As one of China’s largest developers, China Evergrande, once considered “too big to fail,” ran into trouble in 2021 and was eventually forced into liquidation. Many other Chinese developers have also defaulted and, in some cases, restructured. Tough measures to combat Covid-19 during the pandemic have taken a toll, with construction projects suspended.
Economists say it could take years to restore confidence in housing sector Morgan Stanley Said that Vanke’s difficulties will only further affect its real estate market prospects. Economist in morningstar Despite repeated pledges from regulators to stabilize the housing market, house prices are unlikely to rebound before 2027 due to oversupply.
State support for Vanke may be insufficient
Although Vanke has much smaller debt than Evergrande, a default would be painful: Vanke was once considered one of China’s better-financed real estate developers.

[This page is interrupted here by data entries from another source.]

(* For every integer $d\ge 4$ there exists a real solvable Lie algebra $\mathfrak{g}$ of dimension $d$ together with subalgebras $\mathfrak{g}_1,\mathfrak{g}_2$ of $\mathfrak{g}$ such that $\mathfrak{g}\cong\mathfrak{g}_1\underline{\times}\mathfrak{g}_2$.
   Context: All Lie algebras are finite-dimensional over $\mathbb{R}$; $b_1(\mathfrak{g})=\dim\mathfrak{g}/[\mathfrak{g},\mathfrak{g}]$. Product by generators: given Lie algebras $\mathfrak{g}_1,\mathfrak{g}_2$ with $m_i=b_1(\mathfrak{g}_i)$, choose linear forms $\omega_1,\dots,\omega_{m_1}$ on $\mathfrak{g}_1$ vanishing on $[\mathfrak{g}_1,\mathfrak{g}_1]$ and inducing a basis of $(\mathfrak{g}_1/[\mathfrak{g}_1,\mathfrak{g}_1])^*$, and similarly $\omega'_1,\dots,\omega'_{m_2}$ for $\mathfrak{g}_2$. Then $\mathfrak{g}_1\underline{\times}\mathfrak{g}_2$ is the Lie algebra with underlying space $\mathfrak{g}_1\oplus\mathfrak{g}_2\oplus\mathbb{R}^{m_1m_2}$ (basis $Z_{ij}$, $1\le i\le m_1$, $1\le j\le m_2$, of the last summand), whose bracket restricts to the given brackets on $\mathfrak{g}_1$ and on $\mathfrak{g}_2$, the $Z_{ij}$ are central, and $[x,y]=\sum_{i,j}\omega_i(x)\omega'_j(y)Z_{ij}$ for $x\in\mathfrak{g}_1$, $y\in\mathfrak{g}_2$. Equivalently, it is the central extension of $\mathfrak{g}_1\oplus\mathfrak{g}_2$ obtained by adding Maurer–Cartan forms $\eta_{ij}$ with $d\eta_{ij}=\omega_i\wedge\omega'_j$; its dimension is $\dim\mathfrak{g}_1+\dim\mathfrak{g}_2+m_1m_2$. *)

theory Defs
  imports "HOL-Analysis.Analysis" "HOL-Analysis.Finite_Function_Topology"
begin

text \<open>Finite-dimensional real Lie algebras, realised as a subspace V of a real
vector space together with a bracket br (only its values on V matter).\<close>

definition fin_dim :: "'a::real_vector set \<Rightarrow> bool" where
  "fin_dim V \<longleftrightarrow> (\<exists>B. finite B \<and> B \<subseteq> V \<and> V = span B)"

definition lie_algebra :: "'a::real_vector set \<Rightarrow> ('a \<Rightarrow> 'a \<Rightarrow> 'a) \<Rightarrow> bool" where
  "lie_algebra V br \<longleftrightarrow> subspace V \<and> fin_dim V \<and>
     (\<forall>x\<in>V. \<forall>y\<in>V. br x y \<in> V) \<and>
     (\<forall>x\<in>V. \<forall>y\<in>V. \<forall>z\<in>V. br (x + y) z = br x z + br y z) \<and>
     (\<forall>x\<in>V. \<forall>y\<in>V. \<forall>z\<in>V. br x (y + z) = br x y + br x z) \<and>
     (\<forall>a. \<forall>x\<in>V. \<forall>y\<in>V. br (a *\<^sub>R x) y = a *\<^sub>R br x y) \<and>
     (\<forall>a. \<forall>x\<in>V. \<forall>y\<in>V. br x (a *\<^sub>R y) = a *\<^sub>R br x y) \<and>
     (\<forall>x\<in>V. br x x = 0) \<and>
     (\<forall>x\<in>V. \<forall>y\<in>V. \<forall>z\<in>V. br x (br y z) + br y (br z x) + br z (br x y) = 0)"
text \<open>(a) implies (b): surjectivity comes from chain connectedness; pi_X(F^*) lies in F,
  and contains the entourage of pairs joined by F-short generalized paths.\<close>
lemma joinable_imp_pi_generates:
  assumes CC: "chain_connected TYPE('a::uniform_space)" and UJ: "uniformly_joinable TYPE('a)"
  shows "pi_generates (x0::'a)"
  unfolding pi_generates_def
proof (intro conjI allI impI)
  have "y \<in> gp_end ` GP_at x0" for y
  proof -
    obtain c where "is_gpath c x0 y" using gpath_exists[OF CC UJ] by blast
    then show ?thesis using gp_end_eq unfolding GP_at_def by force
  qed
  then show "gp_end ` GP_at x0 = UNIV" by blast
next
  fix E :: "('a \<times> 'a) set" assume "entourage E"
  then show "\<exists>F. entourage F \<and> pi_image x0 F \<subseteq> E" using pi_image_subset by blast
next
  fix F :: "('a \<times> 'a) set" assume F: "entourage F"
  then obtain G where G: "entourage G" "\<And>x y. (x, y) \<in> G \<Longrightarrow> \<exists>s. is_short F s x y"
    using UJ unfolding uniformly_joinable_def by blast
  have "(x, y) \<in> pi_image x0 F" if xy: "(x, y) \<in> G" for x y
  proof -
    obtain c where c: "is_gpath c x0 x" using gpath_exists[OF CC UJ] by blast
    obtain s where s: "is_short F s x y" using G(2)[OF xy] by blast
    have "is_gpath (gcat c s) x0 y" using is_gpath_gcat[OF c] s by (simp add: is_short_def)
    with c show ?thesis using gcat_short_close[OF c s F] by (rule pi_imageI)
  qed
  then show "eventually (\<lambda>z. z \<in> pi_image x0 F) uniformity"
    using G(1) by (auto simp: entourage_def elim: eventually_mono)
qed

text \<open>(c) implies (a): if pi_X(E^*) is a member of the uniformity, the entourage inside it
  consists of pairs joined by E-short generalized paths.\<close>
lemma pi_generates_imp_joinable:
  assumes "pi_generates (x0::'a::uniform_space)"
  shows "uniformly_joinable TYPE('a)"
  unfolding uniformly_joinable_def
proof (intro allI impI)
  fix E :: "('a \<times> 'a) set" assume E: "entourage E"
  then have "eventually (\<lambda>z. z \<in> pi_image x0 E) uniformity"
    using assms unfolding pi_generates_def by blast
  then obtain G where "entourage G" "G \<subseteq> pi_image x0 E" by (rule entourage_inside)
  moreover have "\<exists>s. is_short E s x y" if "(x, y) \<in> pi_image x0 E" for x y
    using that by (auto elim!: pi_imageE dest: close_gpaths_short[OF _ _ E])
  ultimately show "\<exists>F. entourage F \<and> (\<forall>x y. (x, y) \<in> F \<longrightarrow> (\<exists>s. is_short E s x y))" by blast
qed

Shenzhen Metro Group, controlled by the Shenzhen municipal government, has provided more than 29 billion yuan ($4 billion) in shareholder loans to Vanke so far this year to help it repay debt, according to S&P Global.
This is not enough to repay all of its obligations. Fitch Ratings said Vanke had 60 billion yuan ($8 billion) in cash as of September 2025 and short-term debt of about 151 billion yuan ($21 billion).
“This is one of the most significant, quasi-state-backed developers that could default on repayments,” said Foreky Wong, founding partner of Fortune Ark Restructuring.
Standard & Poor’s Global, one of the world’s major ratings agencies, recently downgraded Vanke’s rating to “selective default,” saying that extending the bond repayment period would be considered a distressed debt restructuring and “equal to a default.” Fitch Ratings also downgraded Vanke’s rating to “restricted default.”
What happens next?
Vanke, which had more than 120,000 employees as of last year, still faces hundreds of millions of dollars in debt repayments through 2026. Standard & Poor’s said the company faces more than 9.4 billion yuan in bonds maturing in the next six months.
Morningstar analyst Jeff Zhang said Vanke’s default could ripple through the broader real estate industry, making it harder for non-state developers to get help.
“If the Shenzhen government does not make a strong commitment to the bailout, we believe Vanke’s liquidity position should remain fragile,” Zhang said.